Which is exactly what you want. The user input is coming at the same, unmodified speed, no matter what.
This isn't true, either. Depending on how you implement your input polling, either you will have input from the time when the timer events were actually written to the queue, or you will have input from the time when you're processing the events in the queue. In the first case, what will happen is that the user input will be processed way later than when it was actually received. This will only lead to confusion for the player, since certain input events could be processed many frames after they were received by the game. This would just cause a noticable delay, which never feels good and should be avoided. As a player, I want my input to be handled, at latest, one frame after giving it, not after that.
The latter case actually make more sense, since input events would be processed, at latest, one frame after receiving them. However, I still don't see how this would profit from a fixed time step at all. Input doesn't matter to a player if he can't see the results of that input. So if, for example, you were to process ten frames in the time of one regular frame and only present the final image to the player, it would be the exact same result as if you had just used delta time and processed the last input in the next frame, the only difference being that the delta time method actually processes a single frame only and therefore saves a lot of CPU time. However, from my experience, this isn't even usually done, which brings me to your next point.
It does not really speed up for a moment either - it's making up for time lost to make sure the overall game is running at the same speed at all times.
This is only true when you drop rendering of any frames while your queue isn't empty, which, judging by your code posted above, you're actually doing. However, as stated above, I've seen enough examples of games where people actually render all delayed frames, and THIS is what causes visible speed-up of the game for a few seconds (sorry for the confusion, I guess I should have made clearer that I wasn't refering specifically to your code all this time9. Aside from that, as I just mentioned: When using fixed time steps, you're really processing ten frames in the time you'd usually dedicate to just a single frame. When using delta time, however, you're always just processing a single frame. I don't think I have to point out that the latter method requires way less performance. Let's look at weak systems for a moment. Not mediocre systems, not good systems, but weak systems. On strong systems, yes, it's very likely that the system will be able to catch up with the delayed frames and get in sync again. But what about weaker systems? It's unlikely that they will ever be able to catch up to all of the delayed frames, the queue will keep filling and filling and the game will run visibly slowed down because it isn't able to clear the queue (assuming you'd actually render each frame instead of dropping). In fact, with your code, the game would appear to be completely frozen, since your "is queue empty" condition would NEVER be true. So on weak systems, your game would definitely be unplayable, or at best, run slowed down when not dropping any frames. And what happens, when we use delta time? Since with delta time, the game only has to process as many frames as it can, it COULD actually still run somewhat decently even on weaker systems. Sure, with reduced framerate (20 FPS or less, if you're unlucky), but the game wouldn't freeze or slow down. At at that framerate, every decent game should still be able to not break your physics. Below that, I'd consider a game unplayable, anyways, and wouldn't bother about breaking physics.
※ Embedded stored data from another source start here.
definition doubly_periodic :: "nat \<Rightarrow> grid_fun \<Rightarrow> bool" where
  "doubly_periodic p f \<longleftrightarrow> (\<forall>x y a b. f (x + int p * a) (y + int p * b) = f x y)"

definition values_dvd :: "nat \<Rightarrow> grid_fun \<Rightarrow> bool" where
  "values_dvd p f \<longleftrightarrow> (\<forall>x y. int p dvd f x y)"

lemma bdiff_commute: "bdiff u (bdiff v f) = bdiff v (bdiff u f)"
  by (simp add: bdiff_def fun_eq_iff algebra_simps)

lemma bdiff_pow_commute: "(bdiff u ^^ n) (bdiff v f) = bdiff v ((bdiff u ^^ n) f)"
  by (induction n) (simp_all add: bdiff_commute)

lemma bdiff_add: "bdiff v (f + g) = bdiff v f + bdiff v g"
  by (simp add: bdiff_def fun_eq_iff algebra_simps)

lemma bdiff_pow_add: "(bdiff v ^^ n) (f + g) = (bdiff v ^^ n) f + (bdiff v ^^ n) g"
  by (induction n) (simp_all add: bdiff_add del: plus_fun_apply)

lemma fold_bdiff_add: "fold bdiff vs (f + g) = fold bdiff vs f + fold bdiff vs g"
  by (induction vs arbitrary: f g) (simp_all add: bdiff_add del: plus_fun_apply)

lemma doubly_periodic_shiftD:
  "doubly_periodic p f \<Longrightarrow> f (x + int p * a - u) (y + int p * b - w) = f (x - u) (y - w)"
  unfolding doubly_periodic_def by (metis diff_add_eq)

lemma doubly_periodic_bdiff: "doubly_periodic p f \<Longrightarrow> doubly_periodic p (bdiff v f)"
  unfolding doubly_periodic_def bdiff_def
  by (simp add: doubly_periodic_shiftD[unfolded doubly_periodic_def])

lemma doubly_periodic_bdiff_pow:
  "doubly_periodic p f \<Longrightarrow> doubly_periodic p ((bdiff v ^^ n) f)"
  by (induction n) (simp_all add: doubly_periodic_bdiff)

lemma values_dvd_add: "values_dvd p f \<Longrightarrow> values_dvd p g \<Longrightarrow> values_dvd p (f + g)"
  by (simp add: values_dvd_def)

lemma values_dvd_bdiff: "values_dvd p f \<Longrightarrow> values_dvd p (bdiff v f)"
  by (simp add: values_dvd_def bdiff_def)

lemma values_dvd_bdiff_pow: "values_dvd p f \<Longrightarrow> values_dvd p ((bdiff v ^^ n) f)"
  by (induction n) (simp_all add: values_dvd_bdiff)

lemma bdiff_pow_eq:
  "(bdiff v ^^ n) f x y =
     (\<Sum>t\<le>n. (-1) ^ t * int (n choose t) * f (x - int t * fst v) (y - int t * snd v))"
proof (induction n arbitrary: x y)
  case 0
  then show ?case by simp
next
  case (Suc n)
  define g where "g t = f (x - int t * fst v) (y - int t * snd v)" for t
  have shift: "f (x - fst v - int t * fst v) (y - snd v - int t * snd v) = g (Suc t)" for t
    by (simp add: g_def algebra_simps)
  define c where "c k t = (-1) ^ t * int (k choose t) * g t" for k t
  have pascal: "c (Suc n) (Suc t) = c n (Suc t) - (-1) ^ t * int (n choose t) * g (Suc t)" for t
    by (simp add: c_def algebra_simps)
  have "(\<Sum>t\<le>Suc n. c (Suc n) t) = g 0 + (\<Sum>t\<le>n. c (Suc n) (Suc t))"
    by (subst sum.atMost_Suc_shift) (simp add: c_def)
  also have "\<dots> = (\<Sum>t\<le>Suc n. c n t) - (\<Sum>t\<le>n. (-1) ^ t * int (n choose t) * g (Suc t))"
    by (simp only: sum.atMost_Suc_shift[of "c n"] pascal sum_subtractf) (simp add: c_def)
  also have "\<dots> = (bdiff v ^^ Suc n) f x y"
    by (simp add: bdiff_def Suc c_def g_def shift sum_subtractf)
  finally show ?case by (simp add: c_def g_def)
qed

lemma prime_dvd_one_plus_neg_one_pow:
  assumes "prime p" shows "int p dvd 1 + (-1) ^ p"
proof (cases "even p")
  case True
  then have "p = 2" using primes_dvd_imp_eq[OF two_is_prime_nat assms] by simp
  then show ?thesis by simp
qed simp

lemma values_dvd_bdiff_pow_prime:
  assumes p: "prime p" and f: "doubly_periodic p f"
  shows "values_dvd p ((bdiff v ^^ p) f)"
  unfolding values_dvd_def
proof (intro allI)
  fix x y
  define c where
    "c t = (-1) ^ t * int (p choose t) * f (x - int t * fst v) (y - int t * snd v)" for t
  have p0: "p > 0" using p prime_gt_0_nat by blast
  have split: "{..p} = insert 0 (insert p {1..<p})" using p0 by auto
  have ends: "c 0 + c p = (1 + (-1) ^ p) * f x y"
    using f[unfolded doubly_periodic_def, rule_format, of x "- fst v" y "- snd v"]
    by (simp add: c_def algebra_simps)
  have middle: "int p dvd (\<Sum>t\<in>{1..<p}. c t)"
  proof (rule dvd_sum)
    fix t assume "t \<in> {1..<p}"
    then have "p dvd (p choose t)" using dvd_choose_prime p by auto
    then show "int p dvd c t" by (simp add: c_def int_dvd_int_iff)
  qed
  have "int p dvd c 0 + c p"
    unfolding ends using prime_dvd_one_plus_neg_one_pow[OF p] by (rule dvd_mult2)
  moreover have "(bdiff v ^^ p) f x y = (c 0 + c p) + (\<Sum>t\<in>{1..<p}. c t)"
    unfolding bdiff_pow_eq split using p0 by (simp add: c_def)
  ultimately show "int p dvd (bdiff v ^^ p) f x y"
    using middle by (simp only: dvd_add)
qed

lemma doubly_periodic_mod:
  assumes "doubly_periodic p f"
  shows "f (x - a) (y - b) = f (x - a mod int p) (y - b mod int p)"
  using assms[unfolded doubly_periodic_def, rule_format, of "x - a mod int p" "- (a div int p)"
      "y - b mod int p" "- (b div int p)"]
  by (simp add: algebra_simps minus_mod_eq_mult_div[symmetric])

definition row_sum :: "nat \<Rightarrow> grid_fun \<Rightarrow> grid_fun" where
  "row_sum a h = (\<lambda>x y. \<Sum>t<a. h (x - int t) y)"

definition column_sum :: "nat \<Rightarrow> nat \<Rightarrow> grid_fun \<Rightarrow> grid_fun" where
  "column_sum a b h = (\<lambda>x y. \<Sum>t<b. h (x - int a) (y - int t))"

lemma Dx_row_sum: "Dx (row_sum a h) x y = h x y - h (x - int a) y"
  by (induction a) (simp_all add: bdiff_def row_sum_def algebra_simps)

lemma Dy_column_sum: "Dy (column_sum a b h) x y = h (x - int a) y - h (x - int a) (y - int b)"
  by (induction b) (simp_all add: bdiff_def column_sum_def algebra_simps)

lemma doubly_periodic_row_sum: "doubly_periodic p h \<Longrightarrow> doubly_periodic p (row_sum a h)"
  using doubly_periodic_shiftD[of p h _ _ _ _ _ 0] by (simp add: doubly_periodic_def row_sum_def)
section \<open>Decay of the weighted moments\<close>

lemma trunc_solution_weighted_moment_le_initial:
  fixes h :: "real \<Rightarrow> real"
  assumes coag: "truncated_coagulation (trunc_kernel Psi n \<theta>) (real n) (real \<theta>) C"
    and sol: "trunc_solution Psi gin n \<theta> g" and gin[measurable]: "gin \<in> borel_measurable lborel"
    and h[measurable]: "h \<in> borel_measurable borel" and h_nonneg: "\<And>x. 0 \<le> h x"
    and h_bounded: "\<And>x. x \<in> {0<..<real n} \<Longrightarrow> h x \<le> H"
    and h_subadditive: "\<And>x y. 0 < x \<Longrightarrow> 0 < y \<Longrightarrow> h (x + y) \<le> h x + h y"
    and t: "0 \<le> t"
  shows "(LINT z:{0<..<real n}|lborel. h z * g z t) \<le> (LINT z:{0<..<real n}|lborel. h z * gin z)"
proof -
  interpret coag: truncated_coagulation "trunc_kernel Psi n \<theta>" "real n" "real \<theta>" C
    by (rule coag)
  have I[measurable]: "{0<..<real n} \<in> sets lborel"
    by simp
  obtain g' where g_nonneg: "\<forall>s\<ge>0. \<forall>z\<in>{0<..<real n}. 0 \<le> g z s"
    and g: "\<forall>s\<ge>0. set_integrable lborel {0<..<real n} (\<lambda>z. g z s)"
    and g': "\<forall>s\<ge>0. set_integrable lborel {0<..<real n} (\<lambda>z. g' z s)"
    and lim: "\<forall>s\<ge>0. ((\<lambda>r. (LINT z:{0<..<real n}|lborel. \<bar>g z r - g z s - (r - s) * g' z s\<bar>) / \<bar>r - s\<bar>)
                    \<longlongrightarrow> 0) (at s within {0..})"
    and eq: "\<forall>s>0. AE z in lborel. z \<in> {0<..<real n} \<longrightarrow>
      g' z s = (1/2) * (LINT e:{0<..<z}|lborel. trunc_kernel Psi n \<theta> (z - e) e * g (z - e) s * g e s)
               - (LINT e:{0<..<real n - real \<theta> * z}|lborel. trunc_kernel Psi n \<theta> z e * g z s * g e s)"
    and init: "AE z in lborel. z \<in> {0<..<real n} \<longrightarrow> g z 0 = gin z"
    using sol unfolding trunc_solution_def by blast
  have h_abs: "\<And>z. z \<in> {0<..<real n} \<Longrightarrow> \<bar>h z\<bar> \<le> H"
    using h_nonneg h_bounded by simp
  define \<Phi> where "\<Phi> s = (LINT z:{0<..<real n}|lborel. h z * g z s)" for s
  have "\<Phi> t \<le> \<Phi> 0"
  proof (rule DERIV_within_nonpos_imp_le_initial[OF _ _ t])
    fix s :: real assume "0 \<le> s"
    then show "(\<Phi> has_real_derivative (LINT z:{0<..<real n}|lborel. h z * g' z s)) (at s within {0..})"
      unfolding \<Phi>_def using g g' lim
      by (intro weighted_set_integral_has_real_derivative[OF I _ h_abs]) auto
  next
    fix s :: real assume s: "0 < s"
    have "AE z in lborel. z \<in> {0<..<real n} \<longrightarrow>
        g' z s = (1/2) * coag.coag_gain (\<lambda>z. g z s) z - coag.coag_loss (\<lambda>z. g z s) z"
      using eq s unfolding coag.coag_gain_def coag.coag_loss_def by simp
    with g_nonneg g g' s show "(LINT z:{0<..<real n}|lborel. h z * g' z s) \<le> 0"
      by (intro coag.weighted_coag_rate_nonpos[OF _ _ _ _ h h_nonneg h_bounded h_subadditive]) auto
  qed
  also have "\<Phi> 0 = (LINT z:{0<..<real n}|lborel. h z * gin z)"
  proof -
    have "(\<lambda>z. indicator {0<..<real n} z * (h z * g z 0)) \<in> borel_measurable lborel"
      using set_integrable_bounded_mult[OF _ I _ h_abs] g
      by (auto simp: set_integrable_def)
    with init show ?thesis
      unfolding \<Phi>_def set_lebesgue_integral_def real_scaleR_def
      by (intro integral_cong_AE) (auto elim!: eventually_mono split: split_indicator)
  qed
  finally show ?thesis
    unfolding \<Phi>_def .
qed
So really, the only benefit there is to a fixed time step is that it's the most accurate. This comes with many, many caveats, though. On fast systems, you won't gain any benefit over delta time aside from accuracy. At best, both implementations will behave the same. At worst, fixed time steps will actually introduce short, uncontrollable speed-ups into your game (only when not dropping any render frames). On weak systems, delta time is superior to fixed time steps in every situation. With fixed time steps, your game will will either freeze on weak systems (when dropping render frames) or slow-down immensely (when not dropping render frames). With delta time, games could actually be playable on weak systems, just with reduced framerate.
And really, for most games, especially single-player games, the gain in accuracy from fixed time steps is neglecitble. The only environments in which I would ever consider using fixed time steps for single-player games are consoles, since they're way more predicatble and less prone to "fluctuations". Here, a game could actually benefit from fixed time steps, for PC games, that's rarely the case, though.
With multiplayer it actually will be quite hard to use variable frame length and/or dropped time without causing desynchronization, so I just don't see the point.
I disagree again. First of all, I never had this problem when working on network games (I once did some competitive racing battle game using network multiplayer). Secondly, relying on network actually staying in sync for a network multiplayer implementation is bad practice to begin with. If your network got busy for just a few seconds, your multiplayer would get out-of-sync and become unplayable. I had this problem so, so many times when doing network multiplayer sessions in ZSNES. Bascially, our games would just randomly get out-of-sync and we would each see something different happening on our screens. Whenever that happened, the game would not get back in sync again. Yeah, it's never a good idea to rely on your network to stay in sync. Especially once we're talking about internet multiplayer. When you play with a person on the other end of the globe, it's pretty much guaranteed that you'll get a ping of MORE than 16.67 ms, so playing a 60 FPS game in sync over the internet is pretty much impossible right away. This is why no professional game ever does that, none of them rely on stability and synchronity of your internet connection for their multiplayer to work. Instead, they use certain tricks to make it appear as though they were running synchronously, even though they're really not. Let's take Call of Duty, for example. If the games were trying to run in sync, it'd be virtually impossible to even shoot anyone. For example: On your side, you'd visibily shoot your opponent yet he would still survive, because on his side, he's already somewhere completely different. What the games do instead is using predictions. Basically, they try to predict where a player currently is or where a player is heading. Sure, this sometimes leads to deaths that feel unfair, because a player dies, even though on his side of the game, the shot clearly missed (had this happen so, so many times in Splatoon). On the other hand, whenver you visibly shoot your opponent, you can be sure that you actually hit him, even when, on his side, he is already somewhere completely different. In cases like these, you simply have to sacrifice some fairness in order to make your game playable at all. And this is just one example. Running multiplayer games in sync via network rarely works and isn't even a good idea to begin with. It just means that your game will run really, really unstable and will be disturbed by eving the smallest peak in network activity.